Opinion
December 9, 1991
Appeal from the County Court, Westchester County (Nicolai, J.).
Ordered that the judgment is affirmed.
The defendant, a bank teller, stands convicted of forging a customer's name on a withdrawal slip and thereby stealing $7,500. The path to his conviction began when the customer whose name was forged complained to the bank, which alerted its security personnel. The defendant, whose teller identification number appeared on the forged withdrawal slip, was questioned by a bank security officer at the bank branch where he worked and again at bank headquarters before the police were notified of the potential theft. The defendant also voluntarily appeared at bank headquarters several weeks later and was again questioned by a bank security officer, although this time a police lieutenant, whose presence was unknown to the defendant, waited in an adjoining room.
Throughout the investigation, the defendant maintained that a customer presented the slip and that a supervisor approved the withdrawal. At the conclusion of the last interview at bank headquarters, the defendant was introduced to the police lieutenant, who asked him to go to police headquarters. The defendant stated he had an appointment later in the day, but agreed to accompany the lieutenant. The defendant then drove to headquarters, alone, in his own car, walked through the front door of the police station unescorted, met the lieutenant at the front desk, and walked, unaccompanied by any other police personnel, to the latter's office. The lieutenant advised the defendant of his Miranda rights, albeit incompletely. In response to a direct question, the lieutenant informed the defendant he was not under arrest. The lieutenant questioned the defendant, who was at no time restrained, for 30 to 45 minutes, and the defendant then left headquarters. A felony complaint was prepared and filed several days later.
The defendant contends on appeal that all of his statements should have been suppressed because none was preceded by adequate and complete Miranda warnings (see, Miranda v Arizona, 384 U.S. 436). However, the three interviews conducted by bank personnel were devoid of active governmental participation and thus Miranda warnings were not required (see, People v Ray, 65 N.Y.2d 282, 286).

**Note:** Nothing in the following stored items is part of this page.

lemma real_cond_exp_rayleigh:
  fixes L :: "'a \<Rightarrow> real^'n^'n" and z :: "'a \<Rightarrow> real^'m^'n"
  assumes P: "prob_space M" and sub: "subalgebra M F"
    and ind: "prob_space.indep_set M (sets F) (sets (vimage_algebra (space M) L borel))"
    and L: "L \<in> borel_measurable M" "integrable M L" and z[measurable]: "z \<in> borel_measurable F"
  shows "AE \<omega> in M. real_cond_exp M F (\<lambda>\<omega>. rayleigh (L \<omega>) (z \<omega>)) \<omega> = rayleigh (integral\<^sup>L M L) (z \<omega>)"
proof -
  interpret prob_space M by fact
  interpret finite_measure_subalgebra M F by unfold_locales (rule sub)
  define Y where "Y p \<omega> = inner (z \<omega> $ fst p) (z \<omega> $ snd p) / (norm (z \<omega>))\<^sup>2" for p \<omega>
  have Y_bound: "\<bar>Y p \<omega>\<bar> \<le> 1" for p \<omega>
    unfolding Y_def by (rule inner_components_div_norm_bound)
  have Y[measurable]: "Y p \<in> borel_measurable F" for p
    unfolding Y_def by measurable
  have "AE \<omega> in M. \<forall>p\<in>UNIV. real_cond_exp M F (\<lambda>\<omega>. Y p \<omega> * L \<omega> $ fst p $ snd p) \<omega>
      = Y p \<omega> * integral\<^sup>L M L $ fst p $ snd p"
  proof (rule AE_finite_allI)
    fix p :: "'n \<times> 'n"
    have "AE \<omega> in M. real_cond_exp M F (\<lambda>\<omega>. Y p \<omega> * L \<omega> $ fst p $ snd p) \<omega>
        = Y p \<omega> * (\<integral>\<omega>. L \<omega> $ fst p $ snd p \<partial>M)"
      by (rule real_cond_exp_indep_mult[OF P sub ind L(1) _ integrable_matrix_entry[OF L(2)] Y,
            where B = 1]) (simp_all add: Y_bound)
    then show "AE \<omega> in M. real_cond_exp M F (\<lambda>\<omega>. Y p \<omega> * L \<omega> $ fst p $ snd p) \<omega>
        = Y p \<omega> * integral\<^sup>L M L $ fst p $ snd p"
      by (simp add: integral_matrix_entry[OF L(2)])
  qed simp
  moreover have "AE \<omega> in M. real_cond_exp M F (\<lambda>\<omega>. \<Sum>p\<in>UNIV. Y p \<omega> * L \<omega> $ fst p $ snd p) \<omega>
      = (\<Sum>p\<in>UNIV. real_cond_exp M F (\<lambda>\<omega>. Y p \<omega> * L \<omega> $ fst p $ snd p) \<omega>)"
    using measurable_from_subalg[OF sub Y] Y_bound
    by (intro real_cond_exp_sum integrable_bounded_mult[OF integrable_matrix_entry[OF L(2)]]) auto
  ultimately show ?thesis
    by eventually_elim (simp add: rayleigh_eq_sum[of _ "z _"] Y_def)
qed

lemma real_cond_exp_consensus_rate:
  fixes L :: "'a \<Rightarrow> real^'n^'n" and z :: "'a \<Rightarrow> real^'m^'n"
  assumes P: "prob_space M" and sub: "subalgebra M F"
    and ind: "prob_space.indep_set M (sets F) (sets (vimage_algebra (space M) L borel))"
    and L: "L \<in> borel_measurable M" "integrable M L" and z[measurable]: "z \<in> borel_measurable F"
  shows "AE \<omega> in M. real_cond_exp M F (\<lambda>\<omega>. consensus_rate \<beta> c (L \<omega>) (z \<omega>)) \<omega>
    = consensus_rate \<beta> c (integral\<^sup>L M L) (z \<omega>)"
proof -
  interpret prob_space M by fact
  interpret finite_measure_subalgebra M F by unfold_locales (rule sub)
  define I where "I \<omega> = (if z \<omega> = 0 then c else 0)" for \<omega>
  define R where "R \<omega> = rayleigh (L \<omega>) (z \<omega>)" for \<omega>
  have I[measurable]: "I \<in> borel_measurable F" unfolding I_def by measurable
  have int_I: "integrable M I"
    using measurable_from_subalg[OF sub I] by (intro integrable_const_bound[where B = "\<bar>c\<bar>"]) (auto simp: I_def)
  have int_R: "integrable M R"
    unfolding R_def by (rule integrable_rayleigh[OF L(2) measurable_from_subalg[OF sub z]])
  have rate: "(\<lambda>\<omega>. consensus_rate \<beta> c (L \<omega>) (z \<omega>)) = (\<lambda>\<omega>. \<beta> / 2 * (I \<omega> + R \<omega>))"
    by (simp add: fun_eq_iff consensus_rate_def I_def R_def)
  have "AE \<omega> in M. real_cond_exp M F (\<lambda>\<omega>. \<beta> / 2 * (I \<omega> + R \<omega>)) \<omega>
      = \<beta> / 2 * real_cond_exp M F (\<lambda>\<omega>. I \<omega> + R \<omega>) \<omega>"
    using int_I int_R by (intro real_cond_exp_cmult) simp
  moreover have "AE \<omega> in M. real_cond_exp M F (\<lambda>\<omega>. I \<omega> + R \<omega>) \<omega>
      = real_cond_exp M F I \<omega> + real_cond_exp M F R \<omega>"
    by (rule real_cond_exp_add[OF int_I int_R])
  moreover have "AE \<omega> in M. real_cond_exp M F I \<omega> = I \<omega>"
    by (rule real_cond_exp_F_meas[OF int_I I])
  moreover have "AE \<omega> in M. real_cond_exp M F R \<omega> = rayleigh (integral\<^sup>L M L) (z \<omega>)"
    unfolding R_def by (rule real_cond_exp_rayleigh[OF P sub ind L z])
  ultimately show ?thesis
    unfolding rate by eventually_elim (simp add: consensus_rate_def I_def)
qed

lemma real_cond_exp_consensus_rate_ge:
  fixes L :: "'a \<Rightarrow> real^'n^'n" and z :: "'a \<Rightarrow> real^'m^'n"
  assumes P: "prob_space M" and sub: "subalgebra M F"
    and ind: "prob_space.indep_set M (sets F) (sets (vimage_algebra (space M) L borel))"
    and L: "L \<in> borel_measurable M" "integrable M L" and z: "z \<in> borel_measurable F"
    and mean: "integral\<^sup>L M L = A"
    and coercive: "\<And>\<omega>. \<omega> \<in> space M \<Longrightarrow> c * (norm (z \<omega>))\<^sup>2 \<le> inner (z \<omega>) (kron_apply A (z \<omega>))"
    and "0 \<le> \<beta>"
  shows "AE \<omega> in M. \<beta> * c / 2 \<le> real_cond_exp M F (\<lambda>\<omega>. consensus_rate \<beta> c (L \<omega>) (z \<omega>)) \<omega>"
proof -
  have "AE \<omega> in M. \<beta> * c / 2 \<le> consensus_rate \<beta> c A (z \<omega>)"
    by (intro AE_I2 consensus_rate_ge coercive \<open>0 \<le> \<beta>\<close>)
  with real_cond_exp_consensus_rate[OF P sub ind L z, of \<beta> c] show ?thesis
    unfolding mean by eventually_elim simp
qed

section \<open>The rate process\<close>

lemma consensus_perp_sum_eq_0:
  assumes "z \<in> consensus_perp"
  shows "(\<Sum>i\<in>UNIV. z $ i) = 0"
proof -
  let ?a = "\<Sum>i\<in>UNIV. z $ i"
  have "(\<chi> i. ?a) \<in> consensus" by (auto simp: consensus_def)
  then have "0 = inner z (\<chi> i. ?a)" using assms unfolding consensus_perp_def by auto
  also have "\<dots> = (\<Sum>i\<in>UNIV. inner (z $ i) ?a)" by (subst inner_vec_def) simp
  also have "\<dots> = inner ?a ?a" by (rule inner_sum_left[symmetric])
  finally show ?thesis by simp
qed

lemma integral_eq_if_distr_eq:
  fixes X Y :: "'a \<Rightarrow> 'b::{banach, second_countable_topology}"
  assumes "X \<in> borel_measurable M" "Y \<in> borel_measurable M" "distr M borel X = distr M borel Y"
  shows "integral\<^sup>L M X = integral\<^sup>L M Y"
  using integral_distr[OF assms(1), of "\<lambda>x. x"] integral_distr[OF assms(2), of "\<lambda>x. x"] assms(3)
  by simp

lemma norm_le_sum_abs_entries: "norm (A::real^'n^'m) \<le> (\<Sum>i\<in>UNIV. \<Sum>j\<in>UNIV. \<bar>A $ i $ j\<bar>)"
proof -
  have "norm A \<le> (\<Sum>i\<in>UNIV. norm (A $ i))" by (simp add: norm_vec_def L2_set_le_sum)
  also have "\<dots> \<le> (\<Sum>i\<in>UNIV. \<Sum>j\<in>UNIV. \<bar>A $ i $ j\<bar>)" by (intro sum_mono norm_le_l1_cart)
  finally show ?thesis .
qed

lemma graph_laplacian_expectation:
  fixes L :: "'a \<Rightarrow> real^'n^'n"
  assumes "prob_space M" and L[measurable]: "L \<in> borel_measurable M"
    and lap: "\<And>\<omega>. \<omega> \<in> space M \<Longrightarrow> is_graph_laplacian (L \<omega>)"
  shows "integrable M L" "laplacian_matrix (integral\<^sup>L M L)"
proof -
  interpret prob_space M by fact
  have "norm (L \<omega>) \<le> (\<Sum>i\<in>(UNIV::'n set). \<Sum>j\<in>(UNIV::'n set). real CARD('n))"
    if "\<omega> \<in> space M" for \<omega>
    using graph_laplacian_entry_bound[OF lap[OF that]]
    by (intro order_trans[OF norm_le_sum_abs_entries] sum_mono)
  then show int: "integrable M L"
    by (intro integrable_const_bound[where B = "\<Sum>i\<in>(UNIV::'n set). \<Sum>j\<in>(UNIV::'n set). real CARD('n)"]) auto
  have lm: "laplacian_matrix (L \<omega>)" if "\<omega> \<in> space M" for \<omega>
    by (rule graph_laplacian_laplacian_matrix[OF lap[OF that]])
  have entry: "integral\<^sup>L M L $ i $ j = (\<integral>\<omega>. L \<omega> $ i $ j \<partial>M)" for i j
    by (rule integral_matrix_entry[OF int, symmetric])
  have "(\<integral>\<omega>. L \<omega> $ i $ j \<partial>M) = (\<integral>\<omega>. L \<omega> $ j $ i \<partial>M)" for i j
    using lm by (intro Bochner_Integration.integral_cong) (auto simp: laplacian_matrix_def)
  moreover have "(\<Sum>j\<in>UNIV. \<integral>\<omega>. L \<omega> $ i $ j \<partial>M) = 0" for i
  proof -
    have "(\<Sum>j\<in>UNIV. \<integral>\<omega>. L \<omega> $ i $ j \<partial>M) = (\<integral>\<omega>. (\<Sum>j\<in>UNIV. L \<omega> $ i $ j) \<partial>M)"
      using integrable_matrix_entry[OF int] by (simp add: Bochner_Integration.integral_sum)
    also have "\<dots> = (\<integral>\<omega>. 0 \<partial>M)"
      using lm unfolding laplacian_matrix_def by (intro Bochner_Integration.integral_cong) blast+
    finally show ?thesis by simp
  qed
  moreover have "(\<integral>\<omega>. L \<omega> $ i $ j \<partial>M) \<le> 0" if "i \<noteq> j" for i j
  proof -
    have "0 \<le> (\<integral>\<omega>. - L \<omega> $ i $ j \<partial>M)"
      using lm that by (intro integral_nonneg_AE AE_I2) (auto simp: laplacian_matrix_def)
    then show ?thesis by simp
  qed
  ultimately show "laplacian_matrix (integral\<^sup>L M L)"
    by (simp add: laplacian_matrix_def entry)
qed

lemma eventually_step_size_le:
  fixes b \<tau> \<epsilon> :: real
  assumes "0 < \<tau>" "0 < \<epsilon>"
  obtains T where "\<And>t. T \<le> t \<Longrightarrow> b / (real t + 1) powr \<tau> \<le> \<epsilon>"
proof -
  have "filterlim (\<lambda>t. real t + 1) at_top sequentially"
    using filterlim_tendsto_add_at_top[OF tendsto_const filterlim_real_sequentially, of 1]
    by (simp add: add.commute)
  then have "(\<lambda>t. (real t + 1) powr - \<tau>) \<longlonglongrightarrow> 0"
    using assms(1) by (intro tendsto_neg_powr) simp_all
  from tendsto_mult_left_zero[OF this, of b]
  have "(\<lambda>t. b / (real t + 1) powr \<tau>) \<longlonglongrightarrow> 0"
    by (simp add: powr_minus_divide)
  then have "eventually (\<lambda>t. b / (real t + 1) powr \<tau> < \<epsilon>) sequentially"
    using assms(2) by (rule order_tendstoD)
  then obtain N where "\<forall>t\<ge>N. b / (real t + 1) powr \<tau> < \<epsilon>"
    by (auto simp: eventually_sequentially)
  then show thesis by (intro that[of N]) (simp add: less_imp_le)
qed
(* There exist $\varepsilon_0>0$ and $n_0$ such that for every $\varepsilon\in(0,\varepsilon_0]$ and $n\ge n_0$ the following holds. Let $\hat G$ be an $\varepsilon$-superextremal two-clique on $n$ vertices with partition $V(\hat G)=A\uplus B$, and let $Z=\{f,f'\}$ where $f,f'$ are vertex-disjoint edges between $A$ and $B$, such that the set of edges of $\hat G$ between $A$ and $B$ is exactly $Z$. Let $\vec H$ be a directed Hamilton cycle of $\hat G$. Then for every $e\in E(H)\setminus Z$ there are at least $n^2/300$ pairs $(e',i)$ with $e'\in E(\hat G)\setminus E(H)$ and $i\in\{1,2\}$ such that the switching $s_i(\vec H;e,e')$ is admissible (with respect to $\hat G$).
   Context: $d(v,X)$ is the number of neighbours of $v$ in $X$. A graph on $n$ vertices is an $\varepsilon$-superextremal two-clique with partition $A\uplus B$ if: (A1) $||A|-|B||\le\varepsilon n$; (A2) $d(a,A)\ge(1/2-\varepsilon)n$ for all but at most $\varepsilon n$ vertices $a\in A$; (A3) $d(a,A)\ge(1/4-\varepsilon)n$ for all $a\in A$; (A4) $d(b,B)\ge(1/2-\varepsilon)n$ for all but at most $\varepsilon n$ vertices $b\in B$; (A5) $d(b,B)\ge(1/4-\varepsilon)n$ for all $b\in B$. A directed Hamilton cycle $\vec H$ is a Hamilton cycle $H$ with a cyclic orientation; its successor function $\pi$ sends $x$ to the head of the arc leaving $x$. For $e=x\pi(x)\in E(H)$ and $e'=x'y'\notin E(H)$ with endpoints labelled so that $x$ lies on the directed path of $\vec H$ from $y'$ to $x'$, let $H_1=(H-\{e,x'\pi(x'),\pi^{-1}(y')y'\})+\{e',x\pi(x'),\pi^{-1}(y')\pi(x)\}$ and $H_2=(H-\{e,x'\pi(x'),\pi^{-1}(y')y'\})+\{e',x\pi^{-1}(y'),\pi(x)\pi(x')\}$; $s_i(\vec H;e,e')$ is $H_i$ oriented to contain the arc $(x',y')$. It is admissible (with respect to a graph $G$) if $H_i\subseteq G$. *)

theory Defs
  imports Complex_Main
begin

definition simple_graph :: "'a set \<Rightarrow> 'a set set \<Rightarrow> bool" where
  "simple_graph V E \<longleftrightarrow> finite V \<and> (\<forall>e\<in>E. \<exists>u v. u \<in> V \<and> v \<in> V \<and> u \<noteq> v \<and> e = {u, v})"

definition deg_in :: "'a set set \<Rightarrow> 'a \<Rightarrow> 'a set \<Rightarrow> nat" where
  "deg_in E v X = card {u \<in> X. {v, u} \<in> E}"

definition superextremal_two_clique ::
  "real \<Rightarrow> 'a set \<Rightarrow> 'a set set \<Rightarrow> 'a set \<Rightarrow> 'a set \<Rightarrow> bool" where
  "superextremal_two_clique \<epsilon> V E A B \<longleftrightarrow>
     (let n = real (card V) in
       A \<union> B = V \<and> A \<inter> B = {} \<and>
       \<bar>real (card A) - real (card B)\<bar> \<le> \<epsilon> * n \<and>
       real (card {a \<in> A. real (deg_in E a A) < (1/2 - \<epsilon>) * n}) \<le> \<epsilon> * n \<and>
       (\<forall>a\<in>A. real (deg_in E a A) \<ge> (1/4 - \<epsilon>) * n) \<and>
       real (card {b \<in> B. real (deg_in E b B) < (1/2 - \<epsilon>) * n}) \<le> \<epsilon> * n \<and>
       (\<forall>b\<in>B. real (deg_in E b B) \<ge> (1/4 - \<epsilon>) * n))"

text \<open>A directed Hamilton cycle of (V,E), given by its successor function \<pi>:
  \<pi> permutes V, every vertex reaches every other vertex by iterating \<pi> (one cycle),
  and each arc x \<pi>(x) is an edge of the graph.\<close>
definition dir_ham_cycle :: "'a set \<Rightarrow> 'a set set \<Rightarrow> ('a \<Rightarrow> 'a) \<Rightarrow> bool" where
  "dir_ham_cycle V E \<pi> \<longleftrightarrow>
     bij_betw \<pi> V V \<and>
     (\<forall>x\<in>V. \<forall>y\<in>V. \<exists>k. (\<pi> ^^ k) x = y) \<and>
     (\<forall>x\<in>V. {x, \<pi> x} \<in> E)"

definition ham_edges :: "'a set \<Rightarrow> ('a \<Rightarrow> 'a) \<Rightarrow> 'a set set" where
  "ham_edges V \<pi> = {{x, \<pi> x} | x. x \<in> V}"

Indeed, two of the interviews took place before the police were advised of any potential crime and the mere presence on bank premises of one police lieutenant while the third interview took place was insufficient State involvement to trigger the duty to administer Miranda warnings (see, People v Ray, supra).
Moreover, we agree with County Court that the defendant was not in custody when he was questioned by the lieutenant.
The defendant's appearance at police headquarters was voluntary, the questioning was of limited duration, and the defendant in fact left in time to keep an appointment he claimed he had. Although the defendant was already a suspect and although the police lieutenant advised the defendant of some of his rights, the circumstances as a whole demonstrate that a reasonable person, innocent of any crime and in the same situation, would not have thought himself or herself to be in custody (see, People v Yukl, 25 N.Y.2d 585, cert denied 400 U.S. 851; see also, People v Bailey, 140 A.D.2d 356; People v Oates, 104 A.D.2d 907). That the Miranda warnings issued here were incomplete is thus immaterial and County Court properly refused to suppress the defendant's statements. Thompson, J.P., Bracken, Harwood and Copertino, JJ., concur.